Van Buren v. United States
The Computer Fraud and Abuse Act of 1986 (“CFAA”) imposes criminal penalties on an individual who “intentionally accesses a computer without authorization or exceeds authorized access” to obtain information. The term “exceeds authorized access” means “to access a computer with authorization and to use such access to obtain… information in the computer that the user is not entitled so to obtain[.]” The Court wrestled with the meaning of the word “so” in the statute.
The federal government charged former police sergeant Nathan Van Buren with a felony violation of the CFAA after he improperly obtained license plate information from a law enforcement computer database in exchange for money from an FBI informant. The parties agreed that Van Buren was “entitled to obtain” license plate information from the law enforcement computer database, but disagreed whether, under the CFAA, he “exceed[ed] authorized access” to the database. Lower federal courts were divided on whether the clause “entitled so to obtain” prohibited individuals from obtaining information from locations in a computer that were off-limits to them (as Van Buren argued), or from misusing information they were otherwise authorized to access (as the government argued).
The Court held that the CFAA does not prohibit improper motives for obtaining computer information if an individual has authorized access to such information. Rather, an individual “exceeds authorized access” when he accesses a computer with authorization and then obtains information in areas of the computer that are off-limits to him.
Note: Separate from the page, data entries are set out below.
(* Let $G=(V,E)$ be a connected graph, $\tau$ a set of types, $f:\tau\to\mathbb{Q}_{\ge1}$ a fitness function, and $\alpha\in\tau$. Let $\beta=\arg\min\{f(j):j\in\tau\setminus\{\alpha\}\}$ and $\tau'=\{\alpha,\beta\}$. Let $\Omega$ (resp. $\Omega'$) be the set of functions $V\to\tau$ (resp. $V\to\tau'$) and define $g:\Omega\to\Omega'$ by $g(S)(v)=\alpha$ if $S(v)=\alpha$ and $g(S)(v)=\beta$ otherwise. Then for every $M_0\in\Omega$, $\pi_\alpha(G,\tau,f,M_0)\le\pi_\alpha(G,\tau',f,g(M_0))$ (where on the right $f$ is restricted to $\tau'$).
   Context: For $G=(V,E)$, $N(v)$ is the neighbourhood of $v$. For a state $S:V\to\tau$ and $v,w\in V$, $S|_{v\to w}$ equals $S$ except $w$ gets type $S(v)$. The Moran process $M(G,\tau,f,M_0)$ is the Markov chain on states started at $M_0$ in which, given $M_t$, a vertex $v$ is chosen with probability $f(M_t(v))/\sum_{u\in V}f(M_t(u))$, then $w\in N(v)$ uniformly at random, and $M_{t+1}=M_t|_{v\to w}$. $\pi_j(G,\tau,f,M_0)$ is the probability that at some time every vertex has type $j$. *)

theory Defs
  imports "HOL-Probability.Probability"
begin

definition connected_graph :: "'v set \<Rightarrow> ('v \<times> 'v) set \<Rightarrow> bool" where
  "connected_graph V E \<longleftrightarrow> finite V \<and> V \<noteq> {} \<and> E \<subseteq> V \<times> V \<and> sym E \<and> irrefl E
     \<and> (\<forall>u\<in>V. \<forall>v\<in>V. (u, v) \<in> E\<^sup>*)"

definition nbhd :: "('v \<times> 'v) set \<Rightarrow> 'v \<Rightarrow> 'v set" where
  "nbhd E v = {w. (v, w) \<in> E}"

definition select_vertex :: "'v set \<Rightarrow> ('t \<Rightarrow> rat) \<Rightarrow> ('v \<Rightarrow> 't) \<Rightarrow> 'v pmf" where
  "select_vertex V f S = embed_pmf (\<lambda>v. if v \<in> V
      then real_of_rat (f (S v)) / (\<Sum>u\<in>V. real_of_rat (f (S u))) else 0)"

text \<open>One step of the Moran process: pick v by fitness, then a uniform neighbour w,
  and w takes the type of v.  (For an isolated vertex, which only occurs in the
  one-vertex graph, the state is left unchanged.)\<close>
definition moran_step :: "'v set \<Rightarrow> ('v \<times> 'v) set \<Rightarrow> ('t \<Rightarrow> rat) \<Rightarrow> ('v \<Rightarrow> 't) \<Rightarrow> ('v \<Rightarrow> 't) pmf" where
  "moran_step V E f S = bind_pmf (select_vertex V f S) (\<lambda>v.
      if nbhd E v = {} then return_pmf S
      else map_pmf (\<lambda>w. S(w := S v)) (pmf_of_set (nbhd E v)))"

fun moran_path :: "'v set \<Rightarrow> ('v \<times> 'v) set \<Rightarrow> ('t \<Rightarrow> rat) \<Rightarrow> ('v \<Rightarrow> 't) \<Rightarrow> nat \<Rightarrow> ('v \<Rightarrow> 't) list pmf" where
  "moran_path V E f M0 0 = return_pmf [M0]"
| "moran_path V E f M0 (Suc n) = bind_pmf (moran_path V E f M0 n)
      (\<lambda>xs. map_pmf (\<lambda>s. xs @ [s]) (moran_step V E f (last xs)))"

text \<open>pi_j: probability that at some time every vertex has type j, i.e. the limit
  (supremum) over n of the probability that this happens at some time t \<le> n.\<close>
definition fixation_prob :: "'v set \<Rightarrow> ('v \<times> 'v) set \<Rightarrow> ('t \<Rightarrow> rat) \<Rightarrow> ('v \<Rightarrow> 't) \<Rightarrow> 't \<Rightarrow> real" where
  "fixation_prob V E f M0 j = (SUP n. measure_pmf.prob (moran_path V E f M0 n)
      {xs. \<exists>s\<in>set xs. \<forall>v\<in>V. s v = j})"

end

theory Submission
  imports Defs
begin

(* Let H B be the probability that alpha fixates in the two-type process started with alpha
   exactly on B and beta elsewhere, and Psi A = min {H B | A <= B <= V} its largest monotone
   minorant.  H is harmonic for the two-type chain away from B = V.  For a state S with
   alpha-set A, choose B attaining Psi A and compare every reproduction event v -> w from S
   with the same event from the two-type state on B: if S v = alpha, Psi rises by at most
   the rise of H; if S v is another type but v is in B, Psi cannot rise while H cannot fall;
   if v is outside B, then f (S v) >= f beta and Psi falls by at most as much as H does.
   Weighting by fitness, the drift of Psi (alpha-set) is at most the zero drift of H, so
   Psi (alpha-set) is a supermartingale that equals 1 at fixation.  It therefore bounds the
   probability of fixation within any n steps, and Psi A <= H A. *)

section \<open>Bounded expectations under probability mass functions\<close>

lemma expectation_bind_pmf_bounded:
  fixes \<phi> :: "'b \<Rightarrow> real"
  assumes "\<And>x. \<bar>\<phi> x\<bar> \<le> B"
  shows "measure_pmf.expectation (bind_pmf M N) \<phi> =
    measure_pmf.expectation M (\<lambda>x. measure_pmf.expectation (N x) \<phi>)"
  unfolding measure_pmf_bind
  by (rule integral_bind[where K="count_space UNIV" and B=B and B'=1])
     (auto simp: assms measure_pmf.emeasure_space_1 prob_space_imp_subprob_space
       measure_pmf_in_subprob_algebra prob_space.finite_measure measure_pmf.prob_space_axioms)

lemma expectation_mono_pmf_bounded:
  fixes \<phi> \<psi> :: "'b \<Rightarrow> real"
  assumes "\<And>x. \<bar>\<phi> x\<bar> \<le> B" "\<And>x. \<bar>\<psi> x\<bar> \<le> B" "\<And>x. x \<in> set_pmf M \<Longrightarrow> \<phi> x \<le> \<psi> x"
  shows "measure_pmf.expectation M \<phi> \<le> measure_pmf.expectation M \<psi>"
proof (rule integral_mono_AE)
  show "integrable (measure_pmf M) \<phi>" "integrable (measure_pmf M) \<psi>"
    by (auto intro: measure_pmf.integrable_const_bound[where B=B] simp: assms)
  show "AE x in measure_pmf M. \<phi> x \<le> \<psi> x"
    using assms(3) by (simp add: AE_measure_pmf_iff)
qed

lemma tendsto_expectation_pmf_bounded:
  fixes \<phi> :: "nat \<Rightarrow> 'b \<Rightarrow> real"
  assumes "\<And>x. (\<lambda>n. \<phi> n x) \<longlonglongrightarrow> \<psi> x" "\<And>n x. \<bar>\<phi> n x\<bar> \<le> B"
  shows "(\<lambda>n. measure_pmf.expectation M (\<phi> n)) \<longlonglongrightarrow> measure_pmf.expectation M \<psi>"
  by (rule integral_dominated_convergence[where w="\<lambda>_. B"]) (auto simp: assms)

lemma measure_pmf_prob_eq_expectation:
  "measure_pmf.prob M A = measure_pmf.expectation M (indicator A :: _ \<Rightarrow> real)"
  by simp

section \<open>Fixation within finitely many steps\<close>

lemma moran_path_nonempty: "xs \<in> set_pmf (moran_path V E f S n) \<Longrightarrow> xs \<noteq> []"
  by (induction n arbitrary: xs) auto

lemma moran_path_Suc_first_step:
  "moran_path V E f S (Suc n) =
     bind_pmf (moran_step V E f S) (\<lambda>T. map_pmf ((#) S) (moran_path V E f T n))"
proof (induction n)
  case 0
  then show ?case by (simp add: bind_return_pmf map_pmf_def bind_assoc_pmf)
next
  case (Suc n)
  have "moran_path V E f S (Suc (Suc n)) = bind_pmf (moran_step V E f S) (\<lambda>T.
      bind_pmf (moran_path V E f T n)
        (\<lambda>xs. map_pmf (\<lambda>t. (S # xs) @ [t]) (moran_step V E f (last (S # xs)))))"
    by (simp only: moran_path.simps(2)[of V E f S "Suc n"] Suc)
       (simp add: bind_assoc_pmf bind_map_pmf del: moran_path.simps)
  also have "\<dots> = bind_pmf (moran_step V E f S) (\<lambda>T.
      bind_pmf (moran_path V E f T n)
        (\<lambda>xs. map_pmf ((#) S) (map_pmf (\<lambda>t. xs @ [t]) (moran_step V E f (last xs)))))"
    by (intro bind_pmf_cong refl) (auto dest: moran_path_nonempty simp: pmf.map_comp o_def)
  also have "\<dots> = bind_pmf (moran_step V E f S) (\<lambda>T. map_pmf ((#) S) (moran_path V E f T (Suc n)))"
    by (simp add: map_bind_pmf)
  finally show ?case .
qed

definition fixation_prob_upto ::
    "'v set \<Rightarrow> ('v \<times> 'v) set \<Rightarrow> ('t \<Rightarrow> rat) \<Rightarrow> 't \<Rightarrow> nat \<Rightarrow> ('v \<Rightarrow> 't) \<Rightarrow> real" where
  "fixation_prob_upto V E f j n S =
     measure_pmf.prob (moran_path V E f S n) {xs. \<exists>s\<in>set xs. \<forall>v\<in>V. s v = j}"

lemma fixation_prob_upto_nonneg: "0 \<le> fixation_prob_upto V E f j n S"
  by (simp add: fixation_prob_upto_def)

lemma fixation_prob_upto_le_1: "fixation_prob_upto V E f j n S \<le> 1"
  by (simp add: fixation_prob_upto_def)

lemma fixation_prob_upto_0:
  "fixation_prob_upto V E f j 0 S = (if \<forall>v\<in>V. S v = j then 1 else 0)"
  by (simp add: fixation_prob_upto_def)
Even though Van Buren obtained information with an improper motive, he did not exceed authorized access because he was permitted to use the computer to obtain license plate information.
Employers generally have an interest in protecting their computer information from improper use (for example, to prevent departing employees from stealing computer information before going to work for a competitor). Due to the Court’s narrow interpretation, the focus of a CFAA inquiry is on whether the employee had authorized access to the areas of the computer system at issue, not on the employee’s motives for obtaining the information.
However, the Court’s decision does not prevent employers from disciplining employees who violate its computer access policies. Employers should update their policies and security protocols to define clearly which databases or areas of the network each employee is authorized to access. Additionally, in certain circumstances, improper access to or use of computer information may violate other laws, including HIPAA or the Defense of Trade Secrets Act.
California v. Texas
In 2010, Congress enacted the ACA, which required most Americans to purchase minimum health insurance coverage (the “individual mandate”) and imposed a monetary penalty if they did not do so. In 2017, Congress effectively eliminated the individual mandate by setting the penalty to $0. Several states, including Texas, brought suit claiming that eliminating the penalty rendered the entire ACA unconstitutional. Other states, including California, intervened to defend the ACA’s constitutionality.
However, the Court never reached the main issue in the case. A party must have a legal right to “stand” before a court and request a legal remedy for an injury (“standing”), because the Constitution only authorizes federal courts to adjudicate genuine “controversies.” In California v. Texas, the Court held that the plaintiffs lacked standing, reasoning that without a penalty attached to the ACA’s coverage mandate, the plaintiffs could not show any past or future injury connected to enforcing the mandate. Therefore, the ACA, including its requirements for health plans to include certain essential benefits and cover individuals with pre-existing conditions, remains in place.
So far, the Court has not agreed to hear any employment law cases during the 2021-2022 term, which begins in early October.